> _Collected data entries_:
theorem uniform_linearization_compact:
  fixes G :: "'a::real_normed_vector \<Rightarrow> 'b::real_normed_vector"
  assumes S: "convex S"
    and G: "\<And>x. x \<in> S \<Longrightarrow> (G has_derivative blinfun_apply (DG x)) (at x within S)"
    and DG: "continuous_on S DG" and P: "compact P" "P \<subseteq> S" and e: "0 < e"
  obtains d where "0 < d"
    "\<And>p w. p \<in> P \<Longrightarrow> p + w \<in> S \<Longrightarrow> norm w < d \<Longrightarrow> norm (G (p + w) - G p - DG p w) \<le> e * norm w"
proof -
  obtain d where d: "0 < d" and close: "\<And>p y. p \<in> P \<Longrightarrow> y \<in> S \<Longrightarrow> dist y p < d \<Longrightarrow> dist (DG y) (DG p) < e"
    using continuous_on_uniformly_near_compact[OF DG P e] by blast
  show ?thesis
  proof (rule that[OF d])
    fix p w assume p: "p \<in> P" and pw: "p + w \<in> S" and w: "norm w < d"
    let ?I = "closed_segment p (p + w)"
    have I: "?I \<subseteq> S"
      using P(2) p pw by (intro closed_segment_subset S) auto
    have "norm (G (p + w) - G p - DG p (p + w - p)) \<le> norm (p + w - p) * e"
    proof (rule differentiable_bound_linearization[where S="?I" and f'="\<lambda>y. blinfun_apply (DG y)"])
      show "p + u *\<^sub>R (p + w - p) \<in> ?I" if "u \<in> {0..1}" for u
        using that unfolding in_segment by (intro exI[of _ u]) (auto simp: algebra_simps)
      show "(G has_derivative blinfun_apply (DG y)) (at y within ?I)" if "y \<in> ?I" for y
        using G I that by (blast intro: has_derivative_subset)
      show "onorm (blinfun_apply (DG y) - blinfun_apply (DG p)) \<le> e" if y: "y \<in> ?I" for y
      proof -
        have "dist y p \<le> norm w"
          using y segment_bound(1)[of y p "p + w"] by (simp add: dist_norm)
        then have "norm (DG y - DG p) < e"
          using close[OF p, of y] I y w by (auto simp: dist_norm)
        moreover have "blinfun_apply (DG y) - blinfun_apply (DG p) = blinfun_apply (DG y - DG p)"
          by (simp add: fun_eq_iff blinfun.diff_left)
        ultimately show ?thesis by (simp add: norm_blinfun.rep_eq)
      qed
    qed simp
    then show "norm (G (p + w) - G p - DG p w) \<le> e * norm w"
      by (simp add: mult.commute)
  qed
qed

section \<open>Fixed points of contractions in an exponentially weighted sup norm\<close>

lemma bcontfun_clamp_extension:
  fixes f :: "'u \<Rightarrow> real \<Rightarrow> 'a::metric_space"
  assumes "\<And>u. u \<in> S \<Longrightarrow> continuous_on {a..b} (f u)"
  shows "\<exists>\<Psi> :: 'u \<Rightarrow> real \<Rightarrow>\<^sub>C 'a. \<forall>u\<in>S. \<forall>x. \<Psi> u x = f u (clamp a b x)"
proof -
  have "\<forall>u\<in>S. \<exists>g::real \<Rightarrow>\<^sub>C 'a. \<forall>x. g x = f u (clamp a b x)"
    using continuous_on_cbox_bcontfunE[of a b] assms by (metis cbox_interval)
  then show ?thesis
    by (rule bchoice)
qed

theorem exp_weighted_contraction_fixpoint:
  fixes H :: "'a::banach set" and \<Phi> :: "(real \<Rightarrow> 'a) \<Rightarrow> real \<Rightarrow> 'a"
  assumes H: "subspace H" "closed H" and T: "0 \<le> T"
    and \<Phi>: "\<And>v. continuous_on {0..T} v \<Longrightarrow> v ` {0..T} \<subseteq> H \<Longrightarrow> continuous_on {0..T} (\<Phi> v) \<and> \<Phi> v ` {0..T} \<subseteq> H"
    and contraction: "\<And>v1 v2 d t. continuous_on {0..T} v1 \<Longrightarrow> v1 ` {0..T} \<subseteq> H \<Longrightarrow>
       continuous_on {0..T} v2 \<Longrightarrow> v2 ` {0..T} \<subseteq> H \<Longrightarrow>
       (\<And>s. s \<in> {0..T} \<Longrightarrow> norm (v1 s - v2 s) \<le> d * exp (l * s)) \<Longrightarrow> t \<in> {0..T} \<Longrightarrow>
       norm (\<Phi> v1 t - \<Phi> v2 t) \<le> d / 2 * exp (l * t)"
  shows "\<exists>v. continuous_on {0..T} v \<and> v ` {0..T} \<subseteq> H \<and> (\<forall>t\<in>{0..T}. \<Phi> v t = v t)"
proof -
  \<comment> \<open>u \<mapsto> exp (-l t) \<Phi> (exp (l \<cdot>) u) t, extended constantly outside [0,T],
    is a 1/2-contraction of the bounded continuous H-valued functions\<close>
  define S where "S = PiC UNIV (\<lambda>_::real. H)"
  have in_S: "u \<in> S \<longleftrightarrow> (\<forall>t. apply_bcontfun u t \<in> H)" for u
    unfolding S_def mem_PiC_iff by auto
  define V where "V u s = exp (l * s) *\<^sub>R apply_bcontfun u s" for u :: "real \<Rightarrow>\<^sub>C 'a" and s
  have V: "continuous_on {0..T} (V u)" "u \<in> S \<Longrightarrow> V u ` {0..T} \<subseteq> H" for u
    unfolding V_def in_S using H(1) by (auto intro!: continuous_intros simp: subspace_scale)
  have clamp: "clamp 0 T x \<in> {0..T}" for x :: real
    using clamp_in_interval[of 0 T x] T by simp
  have "continuous_on {0..T} (\<lambda>t. exp (-l * t) *\<^sub>R \<Phi> (V u) t)" if "u \<in> S" for u
    using \<Phi>[OF V] that by (auto intro!: continuous_intros)
  then have "\<exists>\<Psi> :: _ \<Rightarrow> real \<Rightarrow>\<^sub>C 'a. \<forall>u\<in>S. \<forall>x. \<Psi> u x = exp (-l * clamp 0 T x) *\<^sub>R \<Phi> (V u) (clamp 0 T x)"
    by (rule bcontfun_clamp_extension)
  then obtain \<Psi> where \<Psi>: "\<And>u x. u \<in> S \<Longrightarrow>
      apply_bcontfun (\<Psi> u) x = exp (-l * clamp 0 T x) *\<^sub>R \<Phi> (V u) (clamp 0 T x)"
    by blast
  have "\<Psi> u \<in> S" if u: "u \<in> S" for u
  proof -
    have "\<Phi> (V u) (clamp 0 T x) \<in> H" for x
      using \<Phi>[OF V(1) V(2)[OF u]] clamp[of x] by blast
    then show ?thesis
      unfolding in_S \<Psi>[OF u] using H(1) by (simp add: subspace_scale)
  qed
  then have "\<Psi> ` S \<subseteq> S" by blast
  moreover have "dist (\<Psi> u1) (\<Psi> u2) \<le> 1/2 * dist u1 u2" if u: "u1 \<in> S" "u2 \<in> S" for u1 u2
  proof (rule dist_bound)
    fix x :: real
    define c where "c = clamp 0 T x"
    have "norm (V u1 s - V u2 s) \<le> dist u1 u2 * exp (l * s)" for s
      using dist_bounded[of u1 s u2] by (simp add: V_def dist_norm mult.commute flip: scaleR_diff_right)
    then have "norm (\<Phi> (V u1) c - \<Phi> (V u2) c) \<le> dist u1 u2 / 2 * exp (l * c)"
      unfolding c_def by (intro contraction V(1) V(2)[OF u(1)] V(2)[OF u(2)] clamp)
    then have "exp (-l * c) * norm (\<Phi> (V u1) c - \<Phi> (V u2) c) \<le> exp (-l * c) * (dist u1 u2 / 2 * exp (l * c))"
      by (rule mult_left_mono) simp
    also have "\<dots> = 1/2 * dist u1 u2"
      by (simp add: mult_ac flip: exp_add)
    finally show "dist (\<Psi> u1 x) (\<Psi> u2 x) \<le> 1/2 * dist u1 u2"
      by (simp add: \<Psi> u c_def dist_norm flip: scaleR_diff_right)
  qed
  moreover have "complete S"
    unfolding complete_eq_closed S_def by (rule closed_PiC) (use H(2) in auto)
  moreover have "S \<noteq> {}"
    using subspace_0[OF H(1)] in_S[of 0] by auto
  ultimately obtain u where u: "u \<in> S" "\<Psi> u = u"
    using Banach_fix[of S "1/2" \<Psi>] by auto
  have "\<Phi> (V u) t = V u t" if "t \<in> {0..T}" for t
    using \<Psi>[OF u(1), of t] u(2) clamp_cancel_cbox[of t 0 T] that by (simp add: V_def flip: exp_add)
  then show ?thesis
    using V u(1) by blast
qed

section \<open>Convolution with a weakly singular operator kernel\<close>

locale singular_kernel =
  fixes H0 :: "'a::{real_inner,banach,second_countable_topology} set"
    and K :: "real \<Rightarrow> 'a \<Rightarrow>\<^sub>L 'a" and C \<beta> :: real
  assumes subspace: "subspace H0" and closed: "closed H0"
    and beta: "0 \<le> \<beta>" "\<beta> < 1" and C_nonneg: "0 \<le> C"
    and K_in: "\<And>t x. 0 < t \<Longrightarrow> K t x \<in> H0"
    and norm_K_le: "\<And>t x. 0 < t \<Longrightarrow> norm (K t x) \<le> C * t powr (-\<beta>) * norm x"
    and K_continuous: "\<And>x. continuous_on {0<..} (\<lambda>t. K t x)"
begin

definition kernel_conv :: "real \<Rightarrow> (real \<Rightarrow> 'a) \<Rightarrow> 'a" where
  "kernel_conv t g = (LINT s:{0..t}|lborel. K (t - s) (g s))"

lemma norm_K_le_bound:
  assumes "0 < t" and "norm x \<le> B"
  shows "norm (K t x) \<le> C * t powr (-\<beta>) * B"
  using norm_K_le[OF assms(1), of x] mult_left_mono[OF assms(2), of "C * t powr (-\<beta>)"] C_nonneg
  by simp

lemma continuous_on_K_comp:
  assumes f: "continuous_on S f" and pos: "\<And>s. s \<in> S \<Longrightarrow> 0 < f s" and u: "continuous_on S u"
  shows "continuous_on S (\<lambda>s. K (f s) (u s))"
  unfolding continuous_on_def
proof
  fix s0 assume s0: "s0 \<in> S"
  have "((\<lambda>s. K (f s) (u s0)) \<longlongrightarrow> K (f s0) (u s0)) (at s0 within S)"
    using continuous_on_compose2[OF K_continuous f] pos s0 unfolding continuous_on_def by auto
  moreover have "((\<lambda>s. K (f s) (u s - u s0)) \<longlongrightarrow> 0) (at s0 within S)"
  proof (rule Lim_null_comparison)
    show "\<forall>\<^sub>F s in at s0 within S. norm (K (f s) (u s - u s0)) \<le> C * f s powr (-\<beta>) * norm (u s - u s0)"
      using pos norm_K_le by (auto simp: eventually_at_filter intro!: always_eventually)
    have "((\<lambda>s. C * f s powr (-\<beta>) * norm (u s - u s0))
        \<longlongrightarrow> C * f s0 powr (-\<beta>) * norm (u s0 - u s0)) (at s0 within S)"
      using f u s0 pos[OF s0] unfolding continuous_on_def by (intro tendsto_intros) auto
    then show "((\<lambda>s. C * f s powr (-\<beta>) * norm (u s - u s0)) \<longlongrightarrow> 0) (at s0 within S)"
      by simp
  qed
  ultimately show "((\<lambda>s. K (f s) (u s)) \<longlongrightarrow> K (f s0) (u s0)) (at s0 within S)"
    by (fastforce dest: tendsto_add simp: blinfun.diff_right)
qed

lemma kernel_conv_integrable:
  assumes t: "0 \<le> t" and g: "continuous_on {0..t} g"
  shows "set_integrable lborel {0..t} (\<lambda>s. K (t - s) (g s))"
proof -
  obtain B where B: "0 \<le> B" "\<And>s. s \<in> {0..t} \<Longrightarrow> norm (g s) \<le> B"
    using continuous_on_compact_bound[OF compact_Icc g] by blast
  have int: "set_integrable lborel {0..t} (\<lambda>s. (C * B) * (t - s) powr (-\<beta>))"
    using singular_kernel_integrable[OF beta(2) t] by (rule set_integrable_mult_right)
  have "(\<lambda>s. indicator {0..t} s *\<^sub>R K (t - s) (g s)) \<in> borel_measurable lborel"
    unfolding measurable_lborel2
    by (intro borel_measurable_indicator_Icc_scaleR continuous_on_K_comp continuous_intros
        continuous_on_subset[OF g]) auto
  then show ?thesis
    unfolding set_integrable_def
  proof (rule Bochner_Integration.integrable_bound[OF int[unfolded set_integrable_def]])
    show "AE s in lborel. norm (indicator {0..t} s *\<^sub>R K (t - s) (g s))
        \<le> norm (indicator {0..t} s *\<^sub>R (C * B * (t - s) powr - \<beta>))"
      using AE_lborel_singleton[of t]
    proof (rule AE_mp, intro AE_I2 impI)
      fix s :: real assume "s \<noteq> t"
      then have "s \<in> {0..t} \<Longrightarrow> norm (K (t - s) (g s)) \<le> C * (t - s) powr (-\<beta>) * B"
        using B(2) by (intro norm_K_le_bound) auto
      then show "norm (indicator {0..t} s *\<^sub>R K (t - s) (g s))
          \<le> norm (indicator {0..t} s *\<^sub>R (C * B * (t - s) powr - \<beta>))"
        using B C_nonneg by (auto simp: indicator_def mult_ac)
    qed
  qed
qed

lemma kernel_conv_in:
  assumes t: "0 \<le> t" and g: "continuous_on {0..t} g"
  shows "kernel_conv t g \<in> H0"
proof -
  \<comment> \<open>the orthogonal projection onto H0 commutes with the Bochner integral\<close>
  let ?P = "orth_proj H0"
  let ?F = "\<lambda>s. indicator {0..t} s *\<^sub>R K (t - s) (g s)"
  have P: "bounded_linear ?P"
    by (rule bounded_linear_orth_proj[OF subspace closed])
  have "?P (integral\<^sup>L lborel ?F) = integral\<^sup>L lborel (\<lambda>s. ?P (?F s))"
    using kernel_conv_integrable[OF t g] by (simp add: set_integrable_def integral_bounded_linear[OF P])
  also have "\<dots> = integral\<^sup>L lborel ?F"
  proof (rule integral_discrete_difference[where X="{t}"])
    fix s assume "s \<notin> {t}"
    then show "?P (?F s) = ?F s"
      using orth_proj_id[OF subspace closed K_in] linear_0[OF bounded_linear.linear[OF P]]
      by (cases "s \<in> {0..t}") auto
  qed auto
  finally show ?thesis
    using orth_proj_in[OF subspace closed] unfolding kernel_conv_def set_lebesgue_integral_def
    by metis
qed

lemma kernel_conv_diff:
  assumes "0 \<le> t" "continuous_on {0..t} g1" "continuous_on {0..t} g2"
  shows "kernel_conv t (\<lambda>s. g1 s - g2 s) = kernel_conv t g1 - kernel_conv t g2"
  unfolding kernel_conv_def blinfun.diff_right
  using assms by (intro set_integral_diff kernel_conv_integrable)

lemma kernel_conv_add:
  assumes "0 \<le> t" "continuous_on {0..t} g1" "continuous_on {0..t} g2"
  shows "kernel_conv t (\<lambda>s. g1 s + g2 s) = kernel_conv t g1 + kernel_conv t g2"
  unfolding kernel_conv_def blinfun.add_right
  using assms by (intro set_integral_add kernel_conv_integrable)

lemma kernel_conv_scaleR: "kernel_conv t (\<lambda>s. c *\<^sub>R g s) = c *\<^sub>R kernel_conv t g"
  unfolding kernel_conv_def blinfun.scaleR_right by simp

lemma kernel_conv_cong: "(\<And>s. s \<in> {0..t} \<Longrightarrow> g1 s = g2 s) \<Longrightarrow> kernel_conv t g1 = kernel_conv t g2"
  unfolding kernel_conv_def by (rule set_lebesgue_integral_cong) auto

> _Task goal_: Show each line of the records above containing "noteq".

> _Your solution_:
  moreover have "S \<noteq> {}"
      fix s :: real assume "s \<noteq> t"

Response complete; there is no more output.